Unnamed: 0,fixed acidity,volatile acidity,citric acid,residual sugar,chlorides,free sulfur dioxide,total sulfur dioxide,density,pH,sulphates,alcohol,quality
0,7.4,0.7,0.0,1.9,0.076,11.0,34.0,0.9978,3.51,0.56,9.4,5
1,7.8,0.88,0.0,2.6,0.098,25.0,67.0,0.9968,3.2,0.68,9.8,5
2,7.8,0.76,0.04,2.3,0.092,15.0,54.0,0.997,3.26,0.65,9.8,5
3,11.2,0.28,0.56,1.9,0.075,17.0,60.0,0.998,3.16,0.58,9.8,6
4,7.4,0.7,0.0,1.9,0.076,11.0,34.0,0.9978,3.51,0.56,9.4,5


In [7]:
df_white.head()

Unnamed: 0,fixed acidity,volatile acidity,citric acid,residual sugar,chlorides,free sulfur dioxide,total sulfur dioxide,density,pH,sulphates,alcohol,quality
0,7.0,0.27,0.36,20.7,0.045,45.0,170.0,1.001,3.0,0.45,8.8,6
1,6.3,0.3,0.34,1.6,0.049,14.0,132.0,0.994,3.3,0.49,9.5,6
2,8.1,0.28,0.4,6.9,0.05,30.0,97.0,0.9951,3.26,0.44,10.1,6
3,7.2,0.23,0.32,8.5,0.058,47.0,186.0,0.9956,3.19,0.4,9.9,6
4,7.2,0.23,0.32,8.5,0.058,47.0,186.0,0.9956,3.19,0.4,9.9,6


# clean data 
(turns out no cleaning was really needed)

In [8]:
print(f'red wine DF initial: {df_red.shape}')
print(f'white wine DF initial: {df_white.shape}')
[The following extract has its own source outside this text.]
(* Let $X$ be a Banach space, $\mathbb F\subseteq\mathbb D$ finite, and $(h,i)\in\mathbb F$ an $\mathbb F$-admissible index. If $f_{\mathbb F}=\sum_{(k,j)\in\mathbb F}x_k^{(j)}\chi_k^{(j)}$ with $x_k^{(j)}\in X$, then there exist elements $y_k^{(j)}\in X$, $(k,j)\in\Phi_h^{(i)}(\mathbb F)$, such that $$f_{\mathbb F}\circ\phi_h^{(i)}=\sum_{(k,j)\in\Phi_h^{(i)}(\mathbb F)}y_k^{(j)}\chi_k^{(j)}\quad\text{and}\quad\sum_{(k,j)\in\mathbb F}\|x_k^{(j)}\|^2=\sum_{(k,j)\in\Phi_h^{(i)}(\mathbb F)}\|y_k^{(j)}\|^2.$$
   Context: Dyadic intervals: $\Delta_k^{(j)}:=[\frac{j-1}{2^k},\frac{j}{2^k})$ for $k\ge0$. Haar functions: for $k\ge1$, integer $j$, $\chi_k^{(j)}(t)=+2^{(k-1)/2}$ on $\Delta_k^{(2j-1)}$, $-2^{(k-1)/2}$ on $\Delta_k^{(2j)}$, $0$ otherwise, $t\in[0,1)$. Dyadic tree $\mathbb D:=\{(k,j):k\ge1;\ j=1,\dots,2^{k-1}\}$. For $(h,i)\in\mathbb D$, $\phi_h^{(i)}:[0,1)\to[0,1)$ is $t\mapsto t+2^{-(h+1)}$ on $\Delta_{h+1}^{(4i-2)}$, $t\mapsto t-2^{-(h+1)}$ on $\Delta_{h+1}^{(4i-1)}$, identity otherwise. An index $(h,i)\in\mathbb F$ is $\mathbb F$-admissible if neither $(h+1,2i-1)$ nor $(h+1,2i)$ belongs to $\mathbb F$. Fork: $\mathbb F_h^{(i)}:=\{(h,i),(h+1,2i-1),(h+1,2i)\}$. For $(k,j)\in\mathbb D$ define $j^\ast$: $j^\ast=j+2^{k-h-2}$ if $\Delta_{k-1}^{(j)}\subseteq\Delta_{h+1}^{(4i-2)}$; $j^\ast=j-2^{k-h-2}$ if $\Delta_{k-1}^{(j)}\subseteq\Delta_{h+1}^{(4i-1)}$; $j^\ast=j$ otherwise (so that $\chi_k^{(j)}\circ\phi_h^{(i)}=\chi_k^{(j^\ast)}$ for $(k,j)\notin\mathbb F_h^{(i)}$). Then $\Phi_h^{(i)}(\mathbb F):=\{(h+1,2i-1),(h+1,2i)\}\cup\{(k,j^\ast):(k,j)\in\mathbb F\setminus\mathbb F_h^{(i)}\}$. *)

theory Defs
  imports "HOL-Analysis.Analysis"
begin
red wine DF initial: (1599, 12)
white wine DF initial: (4898, 12)


In [9]:
#drop any null rows
df_red = df_red.dropna()
df_white = df_white.dropna()

In [10]:
print(f'red wine DF after dropNA: {df_red.shape}')
print(f'white wine DF dropNA: {df_white.shape}')

red wine DF after dropNA: (1599, 12)
white wine DF dropNA: (4898, 12)


# train_test_split

In [11]:
#red wine y-values
red_targets = df_red["quality"]

#white wine y-values
white_targets = df_white["quality"]

In [12]:
#red wine x-values
red_features = df_red.drop(columns="quality")

#white wine x-values
white_features = df_white.drop(columns="quality")


In [13]:
X_train_red, X_test_red, y_train_red, y_test_red = train_test_split(red_features, red_targets, stratify= red_targets, random_state = 43)

X_train_white, X_test_white, y_train_white, y_test_white = train_test_split(white_features, white_targets, stratify= white_targets, random_state = 43)

# scale data

In [14]:
X_red_scaler = MinMaxScaler().fit(X_train_red)
X_white_scaler = MinMaxScaler().fit(X_train_white)
X_train_red_scaled = X_red_scaler.transform(X_train_red)
X_train_white_scaled = X_white_scaler.transform(X_train_white)
X_test_red_scaled = X_red_scaler.transform(X_test_red)
X_test_white_scaled = X_white_scaler.transform(X_test_white)

pickle.dump(X_red_scaler, open("X_red_scaler.pkl", "wb"))

# instantiate and train the initial models

In [15]:
rf_red = RandomForestClassifier(n_estimators = 100)
rf_red = rf_red.fit(X_train_red_scaled, y_train_red)




In [16]:
rf_white = RandomForestClassifier(n_estimators = 100)
rf_white = rf_white.fit(X_train_white_scaled, y_train_white)


# test initial models

In [18]:
rf_red_training_score = rf_red.score(X_train_red_scaled, y_train_red)
rf_red_test_score = rf_red.score(X_test_red_scaled, y_test_red)



print(rf_red_training_score)
print(rf_red_test_score)


1.0
0.71


In [None]:
rf_white_training_score = rf_white.score(X_train_white_scaled, y_train_white)
rf_white_test_score = rf_white.score(X_test_white_scaled, y_test_white)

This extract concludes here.